= PROBLEM DESCRIPTION =
Return all the entries below exactly as they were given.

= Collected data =
(* Let $k\ge4$ be even and let $G$ be a $k$-uniform hypergraph. Then the number of minimal canonical H-eigenvectors of the signless Laplacian tensor $\mathcal D+\mathcal A$ corresponding to the eigenvalue $0$, counted with $\mathbf x$ and $-\mathbf x$ identified, equals the number of odd-bipartite connected components of $G$ (counted with multiplicity as explained below).
   Context: A $k$-uniform hypergraph $G=(V,E)$ has vertex set $V=[n]$ ($n\ge k$) and nonempty edge set $E$ of $k$-element subsets; $E_i=\{e\in E:i\in e\}$, $d_i=|E_i|$. Connected components are maximal sets of vertices pairwise joined by chains of edges with consecutive edges intersecting; an isolated vertex (singleton) is also a connected component. $\mathcal A$: $a_{i_1\dots i_k}=\frac1{(k-1)!}$ if $\{i_1,\dots,i_k\}\in E$, else $0$; $\mathcal D$ diagonal with $d_{i\dots i}=d_i$; so $((\mathcal D+\mathcal A)\mathbf x^{k-1})_i=d_ix_i^{k-1}+\sum_{e\in E_i}\prod_{j\in e\setminus\{i\}}x_j$. A nonzero $\mathbf x\in\mathbb C^n$ is an eigenvector of $\mathcal T$ for eigenvalue $\lambda$ if $(\mathcal T\mathbf x^{k-1})_i=\lambda x_i^{k-1}$ for all $i$. An H-eigenvector is a real eigenvector. An eigenvector is canonical if $\max_i|x_i|=1$. An eigenvector $\mathbf x$ of eigenvalue $0$ is minimal if there is no eigenvector of eigenvalue $0$ whose support $\{i:y_i\neq0\}$ is strictly contained in that of $\mathbf x$. Counting of odd-bipartite connected components: each singleton component contributes $1$; each connected component $C$ with $|C|\ge2$ contributes the number of unordered partitions $\{S,T\}$ of $C$ with $S,T\neq\emptyset$ such that $|e\cap S|$ is odd for every edge $e\subseteq C$ (a component with no such partition contributes $0$). The number of odd-bipartite connected components of $G$ is the sum of these contributions. *)

theory Defs
  imports Complex_Main
begin

definition k_uniform_hypergraph :: "nat \<Rightarrow> nat \<Rightarrow> nat set set \<Rightarrow> bool" where
  "k_uniform_hypergraph k n E \<longleftrightarrow> n \<ge> k \<and> E \<noteq> {} \<and>
     (\<forall>e\<in>E. e \<subseteq> {1..n} \<and> card e = k)"

definition edges_at :: "nat set set \<Rightarrow> nat \<Rightarrow> nat set set" where
  "edges_at E i = {e\<in>E. i \<in> e}"

definition degree :: "nat set set \<Rightarrow> nat \<Rightarrow> nat" where
  "degree E i = card (edges_at E i)"

text \<open>The i-th entry of (D + A) x^(k-1).\<close>
definition signless_lap_apply :: "nat \<Rightarrow> nat set set \<Rightarrow> (nat \<Rightarrow> complex) \<Rightarrow> nat \<Rightarrow> complex" where
  "signless_lap_apply k E x i =
     of_nat (degree E i) * x i ^ (k - 1) + (\<Sum>e\<in>edges_at E i. \<Prod>j\<in>e - {i}. x j)"

definition is_vec :: "nat \<Rightarrow> (nat \<Rightarrow> complex) \<Rightarrow> bool" where
  "is_vec n x \<longleftrightarrow> (\<forall>i. i \<notin> {1..n} \<longrightarrow> x i = 0)"

definition slap_eigenvector :: "nat \<Rightarrow> nat \<Rightarrow> nat set set \<Rightarrow> complex \<Rightarrow> (nat \<Rightarrow> complex) \<Rightarrow> bool" where
  "slap_eigenvector k n E lam x \<longleftrightarrow> is_vec n x \<and> (\<exists>i\<in>{1..n}. x i \<noteq> 0) \<and>
     (\<forall>i\<in>{1..n}. signless_lap_apply k E x i = lam * x i ^ (k - 1))"
theorem mainTheorem16:
  fixes I :: "real set"
  assumes "is_interval I"
  shows
   "(\<forall>(f :: real \<Rightarrow> real) g t1 t2.
        G_convex I f \<and> g \<in> Gclass \<and> t1 \<in> I \<and> t2 \<in> I \<and> t1 < t2 \<and>
        g t1 = f t1 \<and> g t2 = f t2 \<longrightarrow>
          (\<forall>t\<in>{t1..t2}. f t \<le> g t) \<and> (\<forall>t\<in>I - {t1..t2}. g t \<le> f t))
    \<and>
    (\<forall>f :: real \<Rightarrow> real.
        (\<exists>a\<in>I. \<exists>b\<in>I. a < b) \<and>
        (\<forall>t1\<in>I. \<forall>t2\<in>I. t1 < t2 \<longrightarrow>
           (\<exists>g\<in>Gclass. g t1 = f t1 \<and> g t2 = f t2 \<and> (\<forall>t\<in>{t1..t2}. f t \<le> g t)))
        \<longrightarrow>
          (\<forall>t\<in>I. \<not> (\<forall>s\<in>I. s \<le> t) \<longrightarrow> (\<exists>v. has_rderiv f I t v)) \<and>
          (\<forall>t\<in>I. \<not> (\<forall>s\<in>I. t \<le> s) \<longrightarrow> (\<exists>v. has_lderiv f I t v)) \<and>
          (\<forall>t0\<in>I. \<forall>v0\<in>pm_subdiff f I t0.
             (\<lambda>s. sqrt ((f t0)^2 + 2 * (s - t0) * f t0 * v0 + (s - t0)^2)) \<in> Gclass \<and>
             G_tangent I f t0 (\<lambda>s. sqrt ((f t0)^2 + 2 * (s - t0) * f t0 * v0 + (s - t0)^2))) \<and>
          G_convex I f)"
proof (rule conjI; intro allI impI)
  fix f :: "real \<Rightarrow> real" and g t1 t2
  assume "G_convex I f \<and> g \<in> Gclass \<and> t1 \<in> I \<and> t2 \<in> I \<and> t1 < t2 \<and> g t1 = f t1 \<and> g t2 = f t2"
  then show "(\<forall>t\<in>{t1..t2}. f t \<le> g t) \<and> (\<forall>t\<in>I - {t1..t2}. g t \<le> f t)"
    using G_convex_two_point_contact[OF assms] by blast
next
  fix f :: "real \<Rightarrow> real"
  assume "(\<exists>a\<in>I. \<exists>b\<in>I. a < b) \<and>
    (\<forall>t1\<in>I. \<forall>t2\<in>I. t1 < t2 \<longrightarrow>
       (\<exists>g\<in>Gclass. g t1 = f t1 \<and> g t2 = f t2 \<and> (\<forall>t\<in>{t1..t2}. f t \<le> g t)))"
  then interpret below_G_chords I f
    using assms by unfold_locales auto
  show "(\<forall>t\<in>I. \<not> (\<forall>s\<in>I. s \<le> t) \<longrightarrow> (\<exists>v. has_rderiv f I t v)) \<and>
    (\<forall>t\<in>I. \<not> (\<forall>s\<in>I. t \<le> s) \<longrightarrow> (\<exists>v. has_lderiv f I t v)) \<and>
    (\<forall>t0\<in>I. \<forall>v0\<in>pm_subdiff f I t0.
       (\<lambda>s. sqrt ((f t0)^2 + 2 * (s - t0) * f t0 * v0 + (s - t0)^2)) \<in> Gclass \<and>
       G_tangent I f t0 (\<lambda>s. sqrt ((f t0)^2 + 2 * (s - t0) * f t0 * v0 + (s - t0)^2))) \<and>
    G_convex I f"
    using has_rderiv_exists has_lderiv_exists pm_subdiff_G_tangent G_convex
    unfolding G_tangent_def by blast
qed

= OUTPUT OF THE TASK =
(* Let $k\ge4$ be even and let $G$ be a $k$-uniform hypergraph. Then the number of minimal canonical H-eigenvectors of the signless Laplacian tensor $\mathcal D+\mathcal A$ corresponding to the eigenvalue $0$, counted with $\mathbf x$ and $-\mathbf x$ identified, equals the number of odd-bipartite connected components of $G$ (counted with multiplicity as explained below).
   Context: A $k$-uniform hypergraph $G=(V,E)$ has vertex set $V=[n]$ ($n\ge k$) and nonempty edge set $E$ of $k$-element subsets; $E_i=\{e\in E:i\in e\}$, $d_i=|E_i|$. Connected components are maximal sets of vertices pairwise joined by chains of edges with consecutive edges intersecting; an isolated vertex (singleton) is also a connected component. $\mathcal A$: $a_{i_1\dots i_k}=\frac1{(k-1)!}$ if $\{i_1,\dots,i_k\}\in E$, else $0$; $\mathcal D$ diagonal with $d_{i\dots i}=d_i$; so $((\mathcal D+\mathcal A)\mathbf x^{k-1})_i=d_ix_i^{k-1}+\sum_{e\in E_i}\prod_{j\in e\setminus\{i\}}x_j$. A nonzero $\mathbf x\in\mathbb C^n$ is an eigenvector of $\mathcal T$ for eigenvalue $\lambda$ if $(\mathcal T\mathbf x^{k-1})_i=\lambda x_i^{k-1}$ for all $i$. An H-eigenvector is a real eigenvector. An eigenvector is canonical if $\max_i|x_i|=1$. An eigenvector $\mathbf x$ of eigenvalue $0$ is minimal if there is no eigenvector of eigenvalue $0$ whose support $\{i:y_i\neq0\}$ is strictly contained in that of $\mathbf x$. Counting of odd-bipartite connected components: each singleton component contributes $1$; each connected component $C$ with $|C|\ge2$ contributes the number of unordered partitions $\{S,T\}$ of $C$ with $S,T\neq\emptyset$ such that $|e\cap S|$ is odd for every edge $e\subseteq C$ (a component with no such partition contributes $0$). The number of odd-bipartite connected components of $G$ is the sum of these contributions. *)

theory Defs
  imports Complex_Main
begin

definition k_uniform_hypergraph :: "nat \<Rightarrow> nat \<Rightarrow> nat set set \<Rightarrow> bool" where
  "k_uniform_hypergraph k n E \<longleftrightarrow> n \<ge> k \<and> E \<noteq> {} \<and>
     (\<forall>e\<in>E. e \<subseteq> {1..n} \<and> card e = k)"

definition edges_at :: "nat set set \<Rightarrow> nat \<Rightarrow> nat set set" where
  "edges_at E i = {e\<in>E. i \<in> e}"

definition degree :: "nat set set \<Rightarrow> nat \<Rightarrow> nat" where
  "degree E i = card (edges_at E i)"

text \<open>The i-th entry of (D + A) x^(k-1).\<close>
definition signless_lap_apply :: "nat \<Rightarrow> nat set set \<Rightarrow> (nat \<Rightarrow> complex) \<Rightarrow> nat \<Rightarrow> complex" where
  "signless_lap_apply k E x i =
     of_nat (degree E i) * x i ^ (k - 1) + (\<Sum>e\<in>edges_at E i. \<Prod>j\<in>e - {i}. x j)"

definition is_vec :: "nat \<Rightarrow> (nat \<Rightarrow> complex) \<Rightarrow> bool" where
  "is_vec n x \<longleftrightarrow> (\<forall>i. i \<notin> {1..n} \<longrightarrow> x i = 0)"

definition slap_eigenvector :: "nat \<Rightarrow> nat \<Rightarrow> nat set set \<Rightarrow> complex \<Rightarrow> (nat \<Rightarrow> complex) \<Rightarrow> bool" where
  "slap_eigenvector k n E lam x \<longleftrightarrow> is_vec n x \<and> (\<exists>i\<in>{1..n}. x i \<noteq> 0) \<and>
     (\<forall>i\<in>{1..n}. signless_lap_apply k E x i = lam * x i ^ (k - 1))"
theorem mainTheorem16:
  fixes I :: "real set"
  assumes "is_interval I"
  shows
   "(\<forall>(f :: real \<Rightarrow> real) g t1 t2.
        G_convex I f \<and> g \<in> Gclass \<and> t1 \<in> I \<and> t2 \<in> I \<and> t1 < t2 \<and>
        g t1 = f t1 \<and> g t2 = f t2 \<longrightarrow>
          (\<forall>t\<in>{t1..t2}. f t \<le> g t) \<and> (\<forall>t\<in>I - {t1..t2}. g t \<le> f t))
    \<and>
    (\<forall>f :: real \<Rightarrow> real.
        (\<exists>a\<in>I. \<exists>b\<in>I. a < b) \<and>
        (\<forall>t1\<in>I. \<forall>t2\<in>I. t1 < t2 \<longrightarrow>
           (\<exists>g\<in>Gclass. g t1 = f t1 \<and> g t2 = f t2 \<and> (\<forall>t\<in>{t1..t2}. f t \<le> g t)))
        \<longrightarrow>
          (\<forall>t\<in>I. \<not> (\<forall>s\<in>I. s \<le> t) \<longrightarrow> (\<exists>v. has_rderiv f I t v)) \<and>
          (\<forall>t\<in>I. \<not> (\<forall>s\<in>I. t \<le> s) \<longrightarrow> (\<exists>v. has_lderiv f I t v)) \<and>
          (\<forall>t0\<in>I. \<forall>v0\<in>pm_subdiff f I t0.
             (\<lambda>s. sqrt ((f t0)^2 + 2 * (s - t0) * f t0 * v0 + (s - t0)^2)) \<in> Gclass \<and>
             G_tangent I f t0 (\<lambda>s. sqrt ((f t0)^2 + 2 * (s - t0) * f t0 * v0 + (s - t0)^2))) \<and>
          G_convex I f)"
proof (rule conjI; intro allI impI)
  fix f :: "real \<Rightarrow> real" and g t1 t2
  assume "G_convex I f \<and> g \<in> Gclass \<and> t1 \<in> I \<and> t2 \<in> I \<and> t1 < t2 \<and> g t1 = f t1 \<and> g t2 = f t2"
  then show "(\<forall>t\<in>{t1..t2}. f t \<le> g t) \<and> (\<forall>t\<in>I - {t1..t2}. g t \<le> f t)"
    using G_convex_two_point_contact[OF assms] by blast
next
  fix f :: "real \<Rightarrow> real"
  assume "(\<exists>a\<in>I. \<exists>b\<in>I. a < b) \<and>
    (\<forall>t1\<in>I. \<forall>t2\<in>I. t1 < t2 \<longrightarrow>
       (\<exists>g\<in>Gclass. g t1 = f t1 \<and> g t2 = f t2 \<and> (\<forall>t\<in>{t1..t2}. f t \<le> g t)))"
  then interpret below_G_chords I f
    using assms by unfold_locales auto
  show "(\<forall>t\<in>I. \<not> (\<forall>s\<in>I. s \<le> t) \<longrightarrow> (\<exists>v. has_rderiv f I t v)) \<and>
    (\<forall>t\<in>I. \<not> (\<forall>s\<in>I. t \<le> s) \<longrightarrow> (\<exists>v. has_lderiv f I t v)) \<and>
    (\<forall>t0\<in>I. \<forall>v0\<in>pm_subdiff f I t0.
       (\<lambda>s. sqrt ((f t0)^2 + 2 * (s - t0) * f t0 * v0 + (s - t0)^2)) \<in> Gclass \<and>
       G_tangent I f t0 (\<lambda>s. sqrt ((f t0)^2 + 2 * (s - t0) * f t0 * v0 + (s - t0)^2))) \<and>
    G_convex I f"
    using has_rderiv_exists has_lderiv_exists pm_subdiff_G_tangent G_convex
    unfolding G_tangent_def by blast
qed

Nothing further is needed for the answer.